# PROBLEM TO WORK ON:
Among the lines of data below, reproduce only those from the one with "using hom that" through the one with "by (simp add: eq_neg_iff_add_eq_0)", exactly as they stand, both ends included.

↓

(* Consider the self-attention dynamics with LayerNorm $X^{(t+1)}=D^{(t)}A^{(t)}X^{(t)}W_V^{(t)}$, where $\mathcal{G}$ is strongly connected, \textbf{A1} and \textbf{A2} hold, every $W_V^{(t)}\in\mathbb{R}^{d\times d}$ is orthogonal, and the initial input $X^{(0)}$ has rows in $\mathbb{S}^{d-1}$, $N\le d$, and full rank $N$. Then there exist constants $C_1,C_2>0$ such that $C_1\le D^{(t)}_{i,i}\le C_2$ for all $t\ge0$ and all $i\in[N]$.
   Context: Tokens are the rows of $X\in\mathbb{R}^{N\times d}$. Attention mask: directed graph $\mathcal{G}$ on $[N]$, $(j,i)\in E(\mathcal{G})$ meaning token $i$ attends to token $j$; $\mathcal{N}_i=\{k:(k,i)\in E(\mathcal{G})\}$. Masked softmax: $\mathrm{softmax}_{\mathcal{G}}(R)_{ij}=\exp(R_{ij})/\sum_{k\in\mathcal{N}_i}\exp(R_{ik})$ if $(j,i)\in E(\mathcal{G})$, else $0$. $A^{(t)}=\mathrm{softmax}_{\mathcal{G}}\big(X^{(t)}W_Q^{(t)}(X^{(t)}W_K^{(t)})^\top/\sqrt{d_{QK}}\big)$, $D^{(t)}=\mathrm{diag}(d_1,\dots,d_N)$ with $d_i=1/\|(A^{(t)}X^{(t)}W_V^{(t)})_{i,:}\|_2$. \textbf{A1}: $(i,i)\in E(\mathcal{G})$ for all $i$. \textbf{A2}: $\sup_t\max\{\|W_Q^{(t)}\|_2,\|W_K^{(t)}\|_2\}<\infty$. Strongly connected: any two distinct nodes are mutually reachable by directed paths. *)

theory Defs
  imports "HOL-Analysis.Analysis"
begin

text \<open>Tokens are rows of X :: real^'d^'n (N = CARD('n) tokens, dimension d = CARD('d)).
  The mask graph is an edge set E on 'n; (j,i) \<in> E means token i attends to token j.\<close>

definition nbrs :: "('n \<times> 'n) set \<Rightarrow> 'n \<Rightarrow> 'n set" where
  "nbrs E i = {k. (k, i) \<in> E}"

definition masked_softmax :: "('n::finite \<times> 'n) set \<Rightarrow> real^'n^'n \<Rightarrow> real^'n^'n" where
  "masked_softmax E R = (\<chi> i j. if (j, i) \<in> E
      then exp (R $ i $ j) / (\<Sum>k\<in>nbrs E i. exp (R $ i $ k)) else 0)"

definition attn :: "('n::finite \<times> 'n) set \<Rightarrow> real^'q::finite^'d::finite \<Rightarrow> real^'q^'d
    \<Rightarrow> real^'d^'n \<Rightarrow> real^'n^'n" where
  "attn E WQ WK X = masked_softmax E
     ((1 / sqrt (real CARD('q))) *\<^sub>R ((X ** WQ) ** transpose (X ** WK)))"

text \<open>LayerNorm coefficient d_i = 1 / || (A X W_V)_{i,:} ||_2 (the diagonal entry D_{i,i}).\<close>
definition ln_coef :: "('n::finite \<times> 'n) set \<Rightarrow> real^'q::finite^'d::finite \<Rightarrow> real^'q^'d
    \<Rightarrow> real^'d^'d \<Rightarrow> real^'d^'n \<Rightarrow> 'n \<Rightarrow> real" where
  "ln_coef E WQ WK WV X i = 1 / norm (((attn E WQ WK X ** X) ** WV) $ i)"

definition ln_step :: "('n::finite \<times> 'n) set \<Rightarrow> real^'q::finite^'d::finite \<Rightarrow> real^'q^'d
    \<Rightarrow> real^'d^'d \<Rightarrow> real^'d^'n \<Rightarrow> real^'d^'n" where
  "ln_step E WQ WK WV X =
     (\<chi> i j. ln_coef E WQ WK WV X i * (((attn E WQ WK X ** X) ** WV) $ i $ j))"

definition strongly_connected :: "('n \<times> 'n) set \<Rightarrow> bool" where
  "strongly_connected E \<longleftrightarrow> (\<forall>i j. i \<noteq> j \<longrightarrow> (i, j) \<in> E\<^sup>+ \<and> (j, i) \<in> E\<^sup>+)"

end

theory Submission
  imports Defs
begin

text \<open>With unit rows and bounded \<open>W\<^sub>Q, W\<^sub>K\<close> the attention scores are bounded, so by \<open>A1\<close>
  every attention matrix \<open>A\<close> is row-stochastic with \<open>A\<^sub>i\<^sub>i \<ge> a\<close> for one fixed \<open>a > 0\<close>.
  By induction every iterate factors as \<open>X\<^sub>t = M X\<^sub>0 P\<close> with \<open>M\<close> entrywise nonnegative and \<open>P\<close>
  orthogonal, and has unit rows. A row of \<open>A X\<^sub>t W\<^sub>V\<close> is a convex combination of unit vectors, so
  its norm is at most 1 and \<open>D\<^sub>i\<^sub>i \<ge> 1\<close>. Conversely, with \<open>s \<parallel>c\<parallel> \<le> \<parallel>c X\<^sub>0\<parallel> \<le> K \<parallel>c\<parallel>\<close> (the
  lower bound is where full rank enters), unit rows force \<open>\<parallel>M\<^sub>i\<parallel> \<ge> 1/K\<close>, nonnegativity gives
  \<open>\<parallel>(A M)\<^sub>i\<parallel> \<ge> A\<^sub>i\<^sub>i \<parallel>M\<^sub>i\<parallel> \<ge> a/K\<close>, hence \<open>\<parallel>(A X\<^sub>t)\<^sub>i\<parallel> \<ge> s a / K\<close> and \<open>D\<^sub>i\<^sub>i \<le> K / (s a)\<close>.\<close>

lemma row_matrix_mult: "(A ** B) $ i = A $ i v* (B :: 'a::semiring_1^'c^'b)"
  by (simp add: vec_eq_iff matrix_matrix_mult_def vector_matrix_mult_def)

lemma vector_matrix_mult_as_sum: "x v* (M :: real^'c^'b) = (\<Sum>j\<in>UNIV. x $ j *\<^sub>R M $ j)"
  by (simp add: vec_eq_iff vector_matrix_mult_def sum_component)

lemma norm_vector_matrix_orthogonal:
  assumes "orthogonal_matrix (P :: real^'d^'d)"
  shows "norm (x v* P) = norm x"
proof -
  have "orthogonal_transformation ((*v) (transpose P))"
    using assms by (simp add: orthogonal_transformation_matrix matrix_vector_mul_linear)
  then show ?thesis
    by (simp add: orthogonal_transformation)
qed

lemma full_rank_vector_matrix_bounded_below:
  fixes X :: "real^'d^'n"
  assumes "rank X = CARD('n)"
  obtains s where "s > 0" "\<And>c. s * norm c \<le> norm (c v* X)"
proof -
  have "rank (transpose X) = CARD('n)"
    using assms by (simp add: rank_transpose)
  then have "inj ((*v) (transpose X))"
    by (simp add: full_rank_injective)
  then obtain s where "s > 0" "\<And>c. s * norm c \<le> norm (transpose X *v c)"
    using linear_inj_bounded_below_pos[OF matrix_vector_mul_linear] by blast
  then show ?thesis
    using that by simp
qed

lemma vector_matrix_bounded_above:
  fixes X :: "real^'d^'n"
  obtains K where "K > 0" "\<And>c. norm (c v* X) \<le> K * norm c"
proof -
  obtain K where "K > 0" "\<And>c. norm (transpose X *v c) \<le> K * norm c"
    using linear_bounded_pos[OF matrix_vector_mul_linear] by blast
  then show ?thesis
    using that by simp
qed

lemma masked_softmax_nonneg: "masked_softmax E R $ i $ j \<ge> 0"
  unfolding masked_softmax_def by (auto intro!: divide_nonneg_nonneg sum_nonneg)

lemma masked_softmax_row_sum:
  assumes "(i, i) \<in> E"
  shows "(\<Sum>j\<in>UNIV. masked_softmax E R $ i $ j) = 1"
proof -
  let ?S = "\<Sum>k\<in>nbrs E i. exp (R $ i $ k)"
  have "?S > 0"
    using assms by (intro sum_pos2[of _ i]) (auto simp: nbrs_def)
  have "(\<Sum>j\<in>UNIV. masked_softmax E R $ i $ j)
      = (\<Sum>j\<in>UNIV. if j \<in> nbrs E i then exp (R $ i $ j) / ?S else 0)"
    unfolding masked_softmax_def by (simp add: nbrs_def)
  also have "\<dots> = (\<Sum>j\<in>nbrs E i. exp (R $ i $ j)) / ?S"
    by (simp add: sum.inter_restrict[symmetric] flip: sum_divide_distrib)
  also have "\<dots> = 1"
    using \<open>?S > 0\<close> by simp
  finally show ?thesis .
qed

↑
↓

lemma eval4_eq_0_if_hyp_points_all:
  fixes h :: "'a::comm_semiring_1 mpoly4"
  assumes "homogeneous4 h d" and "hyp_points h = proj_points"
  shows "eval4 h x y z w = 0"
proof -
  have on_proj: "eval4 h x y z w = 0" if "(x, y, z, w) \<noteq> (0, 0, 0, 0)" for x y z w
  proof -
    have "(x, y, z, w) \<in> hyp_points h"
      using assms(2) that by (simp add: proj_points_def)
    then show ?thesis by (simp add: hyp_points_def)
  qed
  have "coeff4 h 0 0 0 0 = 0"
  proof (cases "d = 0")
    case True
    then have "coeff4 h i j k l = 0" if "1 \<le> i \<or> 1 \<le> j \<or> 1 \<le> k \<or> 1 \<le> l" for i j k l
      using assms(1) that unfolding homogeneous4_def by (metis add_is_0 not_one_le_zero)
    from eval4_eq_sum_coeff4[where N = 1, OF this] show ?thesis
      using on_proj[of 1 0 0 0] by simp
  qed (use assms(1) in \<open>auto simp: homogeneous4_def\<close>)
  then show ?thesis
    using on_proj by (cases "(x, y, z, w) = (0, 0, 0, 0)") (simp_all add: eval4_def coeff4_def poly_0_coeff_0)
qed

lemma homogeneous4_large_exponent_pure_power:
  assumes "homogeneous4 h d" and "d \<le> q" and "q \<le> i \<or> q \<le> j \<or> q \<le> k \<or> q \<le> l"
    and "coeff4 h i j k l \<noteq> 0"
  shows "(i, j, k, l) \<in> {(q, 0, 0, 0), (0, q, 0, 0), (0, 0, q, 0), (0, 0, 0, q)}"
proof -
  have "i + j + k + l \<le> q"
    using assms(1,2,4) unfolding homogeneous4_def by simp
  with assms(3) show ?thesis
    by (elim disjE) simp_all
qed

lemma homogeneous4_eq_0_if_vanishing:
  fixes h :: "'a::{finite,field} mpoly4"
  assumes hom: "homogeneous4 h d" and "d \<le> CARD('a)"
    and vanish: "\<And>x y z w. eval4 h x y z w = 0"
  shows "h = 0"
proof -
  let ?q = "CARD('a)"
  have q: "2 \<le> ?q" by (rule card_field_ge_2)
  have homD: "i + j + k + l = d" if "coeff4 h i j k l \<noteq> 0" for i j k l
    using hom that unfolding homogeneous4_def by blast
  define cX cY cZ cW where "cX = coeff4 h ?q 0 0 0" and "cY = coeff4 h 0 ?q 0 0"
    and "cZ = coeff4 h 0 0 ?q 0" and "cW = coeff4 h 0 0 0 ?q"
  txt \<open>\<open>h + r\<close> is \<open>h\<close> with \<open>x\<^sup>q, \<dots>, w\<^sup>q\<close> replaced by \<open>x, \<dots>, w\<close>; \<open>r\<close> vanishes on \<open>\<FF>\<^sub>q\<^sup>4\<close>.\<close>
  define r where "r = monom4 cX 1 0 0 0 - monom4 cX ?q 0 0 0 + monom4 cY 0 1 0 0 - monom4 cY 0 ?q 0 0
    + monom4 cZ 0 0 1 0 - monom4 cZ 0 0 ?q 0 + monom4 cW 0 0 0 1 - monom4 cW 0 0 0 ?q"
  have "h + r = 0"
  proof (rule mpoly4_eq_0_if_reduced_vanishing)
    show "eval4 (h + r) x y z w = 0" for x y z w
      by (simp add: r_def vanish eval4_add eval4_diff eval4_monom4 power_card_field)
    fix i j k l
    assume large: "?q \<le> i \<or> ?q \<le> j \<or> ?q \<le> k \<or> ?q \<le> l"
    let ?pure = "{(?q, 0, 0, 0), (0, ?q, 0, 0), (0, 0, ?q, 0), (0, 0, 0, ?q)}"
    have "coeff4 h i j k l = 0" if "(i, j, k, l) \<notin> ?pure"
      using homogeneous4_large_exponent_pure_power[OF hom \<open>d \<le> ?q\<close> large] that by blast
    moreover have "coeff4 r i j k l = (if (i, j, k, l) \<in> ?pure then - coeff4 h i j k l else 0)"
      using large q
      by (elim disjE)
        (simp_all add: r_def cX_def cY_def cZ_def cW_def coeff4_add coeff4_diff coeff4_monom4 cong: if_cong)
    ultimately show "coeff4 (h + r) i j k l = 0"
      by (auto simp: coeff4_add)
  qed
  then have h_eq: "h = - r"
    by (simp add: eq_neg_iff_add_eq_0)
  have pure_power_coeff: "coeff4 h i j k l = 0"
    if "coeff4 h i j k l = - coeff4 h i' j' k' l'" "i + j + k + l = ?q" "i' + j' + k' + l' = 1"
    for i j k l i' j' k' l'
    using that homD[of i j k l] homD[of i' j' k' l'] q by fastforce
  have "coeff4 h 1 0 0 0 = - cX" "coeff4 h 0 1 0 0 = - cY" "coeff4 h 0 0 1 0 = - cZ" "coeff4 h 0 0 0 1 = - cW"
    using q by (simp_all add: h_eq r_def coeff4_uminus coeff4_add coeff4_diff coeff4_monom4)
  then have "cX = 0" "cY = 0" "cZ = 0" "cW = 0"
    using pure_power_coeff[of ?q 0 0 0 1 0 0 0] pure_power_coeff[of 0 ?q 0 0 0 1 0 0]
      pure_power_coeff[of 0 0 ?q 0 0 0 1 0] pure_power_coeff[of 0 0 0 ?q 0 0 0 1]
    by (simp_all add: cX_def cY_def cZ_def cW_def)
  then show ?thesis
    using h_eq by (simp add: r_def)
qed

↑

# ANSWER SECTION:
    using hom that unfolding homogeneous4_def by blast
  define cX cY cZ cW where "cX = coeff4 h ?q 0 0 0" and "cY = coeff4 h 0 ?q 0 0"
    and "cZ = coeff4 h 0 0 ?q 0" and "cW = coeff4 h 0 0 0 ?q"
  txt \<open>\<open>h + r\<close> is \<open>h\<close> with \<open>x\<^sup>q, \<dots>, w\<^sup>q\<close> replaced by \<open>x, \<dots>, w\<close>; \<open>r\<close> vanishes on \<open>\<FF>\<^sub>q\<^sup>4\<close>.\<close>
  define r where "r = monom4 cX 1 0 0 0 - monom4 cX ?q 0 0 0 + monom4 cY 0 1 0 0 - monom4 cY 0 ?q 0 0
    + monom4 cZ 0 0 1 0 - monom4 cZ 0 0 ?q 0 + monom4 cW 0 0 0 1 - monom4 cW 0 0 0 ?q"
  have "h + r = 0"
  proof (rule mpoly4_eq_0_if_reduced_vanishing)
    show "eval4 (h + r) x y z w = 0" for x y z w
      by (simp add: r_def vanish eval4_add eval4_diff eval4_monom4 power_card_field)
    fix i j k l
    assume large: "?q \<le> i \<or> ?q \<le> j \<or> ?q \<le> k \<or> ?q \<le> l"
    let ?pure = "{(?q, 0, 0, 0), (0, ?q, 0, 0), (0, 0, ?q, 0), (0, 0, 0, ?q)}"
    have "coeff4 h i j k l = 0" if "(i, j, k, l) \<notin> ?pure"
      using homogeneous4_large_exponent_pure_power[OF hom \<open>d \<le> ?q\<close> large] that by blast
    moreover have "coeff4 r i j k l = (if (i, j, k, l) \<in> ?pure then - coeff4 h i j k l else 0)"
      using large q
      by (elim disjE)
        (simp_all add: r_def cX_def cY_def cZ_def cW_def coeff4_add coeff4_diff coeff4_monom4 cong: if_cong)
    ultimately show "coeff4 (h + r) i j k l = 0"
      by (auto simp: coeff4_add)
  qed
  then have h_eq: "h = - r"
    by (simp add: eq_neg_iff_add_eq_0)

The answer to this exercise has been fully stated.